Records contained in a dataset
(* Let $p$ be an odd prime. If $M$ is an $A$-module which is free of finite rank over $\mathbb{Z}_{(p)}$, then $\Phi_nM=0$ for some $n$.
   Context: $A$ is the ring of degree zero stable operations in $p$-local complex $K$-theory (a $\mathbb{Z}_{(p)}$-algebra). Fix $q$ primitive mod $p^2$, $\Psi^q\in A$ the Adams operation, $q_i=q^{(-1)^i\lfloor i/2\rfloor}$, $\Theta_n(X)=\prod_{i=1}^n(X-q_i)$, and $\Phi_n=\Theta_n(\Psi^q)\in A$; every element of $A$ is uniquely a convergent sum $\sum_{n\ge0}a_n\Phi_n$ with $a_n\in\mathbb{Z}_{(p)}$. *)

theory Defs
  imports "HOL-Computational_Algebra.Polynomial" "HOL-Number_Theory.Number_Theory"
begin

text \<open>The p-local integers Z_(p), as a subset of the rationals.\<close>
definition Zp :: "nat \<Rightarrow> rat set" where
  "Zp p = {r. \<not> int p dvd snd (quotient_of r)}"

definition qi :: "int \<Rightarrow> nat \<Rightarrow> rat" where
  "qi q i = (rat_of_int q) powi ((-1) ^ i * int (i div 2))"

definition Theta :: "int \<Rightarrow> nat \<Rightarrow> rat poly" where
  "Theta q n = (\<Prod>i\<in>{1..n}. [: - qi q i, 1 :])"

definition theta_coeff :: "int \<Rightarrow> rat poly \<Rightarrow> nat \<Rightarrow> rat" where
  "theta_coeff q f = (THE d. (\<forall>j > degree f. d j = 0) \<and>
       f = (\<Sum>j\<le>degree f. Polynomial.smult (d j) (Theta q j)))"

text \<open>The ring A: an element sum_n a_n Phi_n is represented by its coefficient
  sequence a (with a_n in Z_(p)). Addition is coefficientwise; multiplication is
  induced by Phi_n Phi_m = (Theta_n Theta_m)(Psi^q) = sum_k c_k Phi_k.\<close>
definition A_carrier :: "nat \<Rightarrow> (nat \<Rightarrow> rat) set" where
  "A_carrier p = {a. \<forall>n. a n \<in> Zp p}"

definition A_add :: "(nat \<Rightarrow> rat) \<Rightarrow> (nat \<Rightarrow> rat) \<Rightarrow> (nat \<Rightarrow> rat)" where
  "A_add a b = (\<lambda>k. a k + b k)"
* * *
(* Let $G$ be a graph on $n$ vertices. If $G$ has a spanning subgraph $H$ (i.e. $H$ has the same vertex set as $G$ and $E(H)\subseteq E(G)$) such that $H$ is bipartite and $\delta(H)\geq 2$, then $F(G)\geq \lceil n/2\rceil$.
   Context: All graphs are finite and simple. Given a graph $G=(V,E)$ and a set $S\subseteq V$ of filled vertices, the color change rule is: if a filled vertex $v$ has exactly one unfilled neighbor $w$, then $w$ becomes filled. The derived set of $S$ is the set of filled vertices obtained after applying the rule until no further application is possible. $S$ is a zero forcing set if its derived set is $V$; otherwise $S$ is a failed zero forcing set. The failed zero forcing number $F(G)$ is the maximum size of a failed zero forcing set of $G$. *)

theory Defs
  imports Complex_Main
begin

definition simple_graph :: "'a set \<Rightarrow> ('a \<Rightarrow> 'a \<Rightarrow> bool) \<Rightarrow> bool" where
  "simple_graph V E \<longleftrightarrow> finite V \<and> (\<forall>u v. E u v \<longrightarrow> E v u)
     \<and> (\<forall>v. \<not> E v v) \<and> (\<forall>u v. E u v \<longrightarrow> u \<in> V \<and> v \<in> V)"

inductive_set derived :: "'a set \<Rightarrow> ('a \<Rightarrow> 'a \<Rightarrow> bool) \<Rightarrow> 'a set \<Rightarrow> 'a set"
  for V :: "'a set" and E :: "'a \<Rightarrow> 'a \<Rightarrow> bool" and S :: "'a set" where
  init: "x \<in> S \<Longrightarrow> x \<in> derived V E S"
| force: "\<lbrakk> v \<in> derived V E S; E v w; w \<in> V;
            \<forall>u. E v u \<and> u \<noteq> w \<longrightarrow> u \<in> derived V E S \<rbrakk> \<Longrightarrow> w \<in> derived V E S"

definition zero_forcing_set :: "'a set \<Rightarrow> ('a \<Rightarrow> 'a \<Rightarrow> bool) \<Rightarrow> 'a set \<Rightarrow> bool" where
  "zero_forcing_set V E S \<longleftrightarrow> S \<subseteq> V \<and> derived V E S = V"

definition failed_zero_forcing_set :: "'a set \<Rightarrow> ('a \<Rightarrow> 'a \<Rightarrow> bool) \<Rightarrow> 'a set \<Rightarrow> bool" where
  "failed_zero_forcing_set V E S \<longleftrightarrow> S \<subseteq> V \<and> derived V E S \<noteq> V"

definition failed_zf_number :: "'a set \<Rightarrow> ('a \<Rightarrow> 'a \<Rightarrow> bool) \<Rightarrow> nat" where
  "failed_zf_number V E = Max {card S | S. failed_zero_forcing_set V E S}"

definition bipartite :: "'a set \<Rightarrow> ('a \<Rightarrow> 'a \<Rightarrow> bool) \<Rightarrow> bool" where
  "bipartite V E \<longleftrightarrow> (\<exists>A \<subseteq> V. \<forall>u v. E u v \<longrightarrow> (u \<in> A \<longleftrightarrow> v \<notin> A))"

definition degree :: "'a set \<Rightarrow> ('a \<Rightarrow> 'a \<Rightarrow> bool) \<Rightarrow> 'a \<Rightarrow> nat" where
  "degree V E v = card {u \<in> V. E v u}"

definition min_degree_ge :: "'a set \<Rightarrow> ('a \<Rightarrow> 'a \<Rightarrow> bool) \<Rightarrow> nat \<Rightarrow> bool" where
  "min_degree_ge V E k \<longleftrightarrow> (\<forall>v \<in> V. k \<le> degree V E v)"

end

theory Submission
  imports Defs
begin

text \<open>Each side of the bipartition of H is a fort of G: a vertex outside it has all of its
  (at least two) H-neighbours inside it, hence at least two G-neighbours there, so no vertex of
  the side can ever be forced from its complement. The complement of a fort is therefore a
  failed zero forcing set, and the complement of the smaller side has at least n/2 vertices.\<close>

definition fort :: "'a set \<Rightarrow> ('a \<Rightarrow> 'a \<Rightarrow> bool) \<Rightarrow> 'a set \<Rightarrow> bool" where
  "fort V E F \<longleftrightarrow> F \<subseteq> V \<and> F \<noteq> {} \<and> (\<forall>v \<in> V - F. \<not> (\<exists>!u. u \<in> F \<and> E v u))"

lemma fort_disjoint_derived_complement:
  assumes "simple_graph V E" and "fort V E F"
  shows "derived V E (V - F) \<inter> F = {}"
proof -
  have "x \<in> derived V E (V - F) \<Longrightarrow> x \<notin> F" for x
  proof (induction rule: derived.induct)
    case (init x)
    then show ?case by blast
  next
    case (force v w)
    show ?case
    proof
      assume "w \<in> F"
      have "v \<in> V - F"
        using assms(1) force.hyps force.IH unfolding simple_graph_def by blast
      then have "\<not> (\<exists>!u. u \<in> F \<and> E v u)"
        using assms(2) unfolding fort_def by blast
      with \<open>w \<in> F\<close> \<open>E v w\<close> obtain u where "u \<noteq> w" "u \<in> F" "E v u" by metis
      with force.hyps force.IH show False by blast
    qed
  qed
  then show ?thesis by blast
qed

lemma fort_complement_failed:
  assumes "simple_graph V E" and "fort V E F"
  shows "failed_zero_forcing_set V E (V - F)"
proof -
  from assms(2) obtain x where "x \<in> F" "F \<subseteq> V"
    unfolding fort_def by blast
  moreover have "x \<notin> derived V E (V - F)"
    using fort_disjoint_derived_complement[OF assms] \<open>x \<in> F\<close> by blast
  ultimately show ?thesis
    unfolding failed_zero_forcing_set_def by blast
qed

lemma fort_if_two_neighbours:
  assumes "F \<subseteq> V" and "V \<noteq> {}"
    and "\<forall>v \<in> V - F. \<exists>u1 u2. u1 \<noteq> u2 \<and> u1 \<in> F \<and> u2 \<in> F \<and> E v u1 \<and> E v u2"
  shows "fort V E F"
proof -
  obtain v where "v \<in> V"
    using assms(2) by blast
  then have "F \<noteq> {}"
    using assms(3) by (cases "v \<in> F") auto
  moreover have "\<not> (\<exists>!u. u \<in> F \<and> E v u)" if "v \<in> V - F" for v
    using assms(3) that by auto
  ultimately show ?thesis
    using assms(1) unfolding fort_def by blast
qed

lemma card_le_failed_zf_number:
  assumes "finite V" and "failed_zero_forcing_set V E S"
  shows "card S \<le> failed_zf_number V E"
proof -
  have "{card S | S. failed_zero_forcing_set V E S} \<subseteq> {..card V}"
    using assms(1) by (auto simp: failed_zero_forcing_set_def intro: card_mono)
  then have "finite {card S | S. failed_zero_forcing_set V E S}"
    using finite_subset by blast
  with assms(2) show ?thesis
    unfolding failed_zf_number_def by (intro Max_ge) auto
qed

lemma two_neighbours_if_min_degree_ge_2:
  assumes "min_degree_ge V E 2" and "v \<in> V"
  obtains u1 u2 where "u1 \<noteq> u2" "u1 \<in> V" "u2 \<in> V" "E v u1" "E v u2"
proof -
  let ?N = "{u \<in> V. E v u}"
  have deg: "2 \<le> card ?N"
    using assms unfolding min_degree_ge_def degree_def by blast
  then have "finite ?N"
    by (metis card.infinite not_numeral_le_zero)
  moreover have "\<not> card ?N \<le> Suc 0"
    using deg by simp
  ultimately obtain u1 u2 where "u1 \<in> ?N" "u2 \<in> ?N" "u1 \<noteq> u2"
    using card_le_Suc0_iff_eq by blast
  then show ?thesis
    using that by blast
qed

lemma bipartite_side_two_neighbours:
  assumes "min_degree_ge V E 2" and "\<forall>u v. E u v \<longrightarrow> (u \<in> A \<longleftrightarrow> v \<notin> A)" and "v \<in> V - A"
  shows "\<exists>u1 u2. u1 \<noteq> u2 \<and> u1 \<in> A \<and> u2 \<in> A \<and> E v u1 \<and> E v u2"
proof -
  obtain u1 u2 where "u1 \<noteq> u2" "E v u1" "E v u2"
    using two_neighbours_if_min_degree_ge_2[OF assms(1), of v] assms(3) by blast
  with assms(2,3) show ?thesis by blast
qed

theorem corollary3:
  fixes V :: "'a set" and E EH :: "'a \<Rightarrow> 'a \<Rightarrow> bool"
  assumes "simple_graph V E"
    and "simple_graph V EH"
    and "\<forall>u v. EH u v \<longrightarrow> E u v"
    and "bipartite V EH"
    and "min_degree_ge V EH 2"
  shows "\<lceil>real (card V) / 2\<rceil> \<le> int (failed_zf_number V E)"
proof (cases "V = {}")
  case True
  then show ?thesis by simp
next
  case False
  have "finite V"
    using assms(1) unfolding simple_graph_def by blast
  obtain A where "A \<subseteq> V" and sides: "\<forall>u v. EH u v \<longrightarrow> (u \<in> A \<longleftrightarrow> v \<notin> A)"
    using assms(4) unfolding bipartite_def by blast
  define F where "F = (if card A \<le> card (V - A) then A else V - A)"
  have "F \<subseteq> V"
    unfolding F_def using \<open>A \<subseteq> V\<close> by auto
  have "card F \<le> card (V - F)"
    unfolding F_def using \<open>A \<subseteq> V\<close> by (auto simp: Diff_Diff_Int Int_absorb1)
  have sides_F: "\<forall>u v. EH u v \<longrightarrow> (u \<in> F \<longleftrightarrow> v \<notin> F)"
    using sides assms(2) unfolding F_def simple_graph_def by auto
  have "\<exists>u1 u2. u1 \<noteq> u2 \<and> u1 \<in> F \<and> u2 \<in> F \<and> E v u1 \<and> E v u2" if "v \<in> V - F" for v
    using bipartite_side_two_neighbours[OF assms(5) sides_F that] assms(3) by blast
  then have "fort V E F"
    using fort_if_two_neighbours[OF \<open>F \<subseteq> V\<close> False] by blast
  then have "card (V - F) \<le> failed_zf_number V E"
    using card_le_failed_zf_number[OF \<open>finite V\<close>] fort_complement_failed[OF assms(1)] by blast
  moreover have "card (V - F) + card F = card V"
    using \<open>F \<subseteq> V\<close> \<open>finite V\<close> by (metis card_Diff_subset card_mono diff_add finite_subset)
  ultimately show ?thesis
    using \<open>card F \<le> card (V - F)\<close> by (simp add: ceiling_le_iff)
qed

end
---
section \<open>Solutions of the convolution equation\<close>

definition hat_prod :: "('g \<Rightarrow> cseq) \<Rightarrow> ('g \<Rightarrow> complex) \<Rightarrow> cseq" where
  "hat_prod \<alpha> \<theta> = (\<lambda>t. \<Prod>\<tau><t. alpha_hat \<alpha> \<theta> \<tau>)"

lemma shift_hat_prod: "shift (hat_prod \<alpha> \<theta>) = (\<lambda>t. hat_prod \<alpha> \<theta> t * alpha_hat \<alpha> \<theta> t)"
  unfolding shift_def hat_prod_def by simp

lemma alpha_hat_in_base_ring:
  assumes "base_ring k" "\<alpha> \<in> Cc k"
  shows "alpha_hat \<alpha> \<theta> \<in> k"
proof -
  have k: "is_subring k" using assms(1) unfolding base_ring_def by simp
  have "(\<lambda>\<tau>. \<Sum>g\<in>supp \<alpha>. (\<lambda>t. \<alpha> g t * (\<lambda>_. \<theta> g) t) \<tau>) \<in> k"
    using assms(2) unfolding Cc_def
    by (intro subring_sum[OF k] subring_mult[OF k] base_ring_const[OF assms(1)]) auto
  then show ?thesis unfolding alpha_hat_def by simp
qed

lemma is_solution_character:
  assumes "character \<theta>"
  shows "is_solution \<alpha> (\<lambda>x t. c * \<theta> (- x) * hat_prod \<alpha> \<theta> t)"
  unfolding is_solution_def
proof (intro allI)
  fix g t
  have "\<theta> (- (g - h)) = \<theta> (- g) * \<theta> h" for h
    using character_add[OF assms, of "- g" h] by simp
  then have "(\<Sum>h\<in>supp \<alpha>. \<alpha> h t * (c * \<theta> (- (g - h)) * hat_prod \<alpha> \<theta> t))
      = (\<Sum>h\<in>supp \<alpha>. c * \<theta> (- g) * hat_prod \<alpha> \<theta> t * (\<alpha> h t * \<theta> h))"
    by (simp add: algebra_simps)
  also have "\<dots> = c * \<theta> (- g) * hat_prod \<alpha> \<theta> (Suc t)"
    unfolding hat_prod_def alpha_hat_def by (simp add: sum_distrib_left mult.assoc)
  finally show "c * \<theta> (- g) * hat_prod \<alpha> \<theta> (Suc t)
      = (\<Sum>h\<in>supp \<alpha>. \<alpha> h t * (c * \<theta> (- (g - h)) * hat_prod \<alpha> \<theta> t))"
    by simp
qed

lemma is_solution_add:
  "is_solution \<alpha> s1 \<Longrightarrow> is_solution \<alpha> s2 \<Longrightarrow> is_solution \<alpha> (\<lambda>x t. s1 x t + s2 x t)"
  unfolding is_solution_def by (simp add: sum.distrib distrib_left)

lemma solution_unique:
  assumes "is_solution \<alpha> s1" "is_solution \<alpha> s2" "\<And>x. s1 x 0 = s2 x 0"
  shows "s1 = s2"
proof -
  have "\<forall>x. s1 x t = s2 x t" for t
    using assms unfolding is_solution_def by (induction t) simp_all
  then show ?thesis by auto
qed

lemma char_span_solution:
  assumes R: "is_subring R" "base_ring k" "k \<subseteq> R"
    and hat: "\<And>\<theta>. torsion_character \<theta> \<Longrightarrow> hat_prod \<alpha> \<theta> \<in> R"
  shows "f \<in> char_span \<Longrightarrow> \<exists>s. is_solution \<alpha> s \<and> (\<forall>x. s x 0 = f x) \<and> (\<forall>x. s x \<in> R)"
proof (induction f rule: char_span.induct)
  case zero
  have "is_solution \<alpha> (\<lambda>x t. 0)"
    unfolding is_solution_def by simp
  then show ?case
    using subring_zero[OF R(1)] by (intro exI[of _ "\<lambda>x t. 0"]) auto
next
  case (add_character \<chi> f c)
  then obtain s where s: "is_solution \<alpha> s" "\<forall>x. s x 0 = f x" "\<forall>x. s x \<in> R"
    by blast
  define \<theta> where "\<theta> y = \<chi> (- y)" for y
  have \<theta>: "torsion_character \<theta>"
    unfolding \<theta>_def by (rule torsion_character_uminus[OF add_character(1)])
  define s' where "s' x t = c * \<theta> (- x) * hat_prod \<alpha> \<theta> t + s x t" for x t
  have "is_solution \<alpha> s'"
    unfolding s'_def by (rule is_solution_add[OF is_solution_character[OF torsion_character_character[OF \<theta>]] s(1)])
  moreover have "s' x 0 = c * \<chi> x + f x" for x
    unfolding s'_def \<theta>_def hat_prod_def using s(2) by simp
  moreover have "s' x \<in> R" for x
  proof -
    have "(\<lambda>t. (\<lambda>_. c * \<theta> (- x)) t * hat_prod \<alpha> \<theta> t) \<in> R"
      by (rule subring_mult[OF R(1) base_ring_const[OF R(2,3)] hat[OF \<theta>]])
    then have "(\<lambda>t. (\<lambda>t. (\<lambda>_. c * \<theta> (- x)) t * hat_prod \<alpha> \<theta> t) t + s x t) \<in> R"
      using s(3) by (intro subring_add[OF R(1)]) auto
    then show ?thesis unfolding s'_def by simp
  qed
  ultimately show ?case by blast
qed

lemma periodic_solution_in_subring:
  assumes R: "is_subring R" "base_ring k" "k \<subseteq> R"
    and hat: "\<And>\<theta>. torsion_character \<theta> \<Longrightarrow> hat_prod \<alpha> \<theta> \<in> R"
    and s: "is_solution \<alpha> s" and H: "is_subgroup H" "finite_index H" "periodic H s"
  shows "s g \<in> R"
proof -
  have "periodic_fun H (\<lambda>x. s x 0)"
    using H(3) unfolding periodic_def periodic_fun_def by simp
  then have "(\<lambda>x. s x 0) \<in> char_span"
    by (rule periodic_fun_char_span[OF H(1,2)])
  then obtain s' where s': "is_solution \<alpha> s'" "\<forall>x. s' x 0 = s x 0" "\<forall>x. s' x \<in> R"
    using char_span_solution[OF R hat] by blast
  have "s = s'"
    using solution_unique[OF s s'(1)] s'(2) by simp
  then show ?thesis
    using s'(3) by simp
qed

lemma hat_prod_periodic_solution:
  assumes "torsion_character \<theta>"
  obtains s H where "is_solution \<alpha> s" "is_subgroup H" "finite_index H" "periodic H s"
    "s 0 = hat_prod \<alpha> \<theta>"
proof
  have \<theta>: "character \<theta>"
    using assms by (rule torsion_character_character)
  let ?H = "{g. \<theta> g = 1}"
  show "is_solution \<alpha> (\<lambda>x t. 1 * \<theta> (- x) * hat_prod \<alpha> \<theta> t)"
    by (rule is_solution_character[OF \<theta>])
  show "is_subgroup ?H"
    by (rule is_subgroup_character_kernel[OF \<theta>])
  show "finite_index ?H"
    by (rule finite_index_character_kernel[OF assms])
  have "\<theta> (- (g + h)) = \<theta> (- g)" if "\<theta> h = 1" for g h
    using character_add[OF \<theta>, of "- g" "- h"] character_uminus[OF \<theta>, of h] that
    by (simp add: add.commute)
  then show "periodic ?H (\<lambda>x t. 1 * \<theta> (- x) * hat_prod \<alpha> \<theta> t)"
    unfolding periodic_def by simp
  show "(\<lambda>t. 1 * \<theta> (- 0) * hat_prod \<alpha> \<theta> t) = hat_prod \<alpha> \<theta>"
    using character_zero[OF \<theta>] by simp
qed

## ASSIGNMENT
Go over the records above and tally each line that includes "thesis". Give the total by itself.

## SOLUTION FOR THIS PROBLEM
12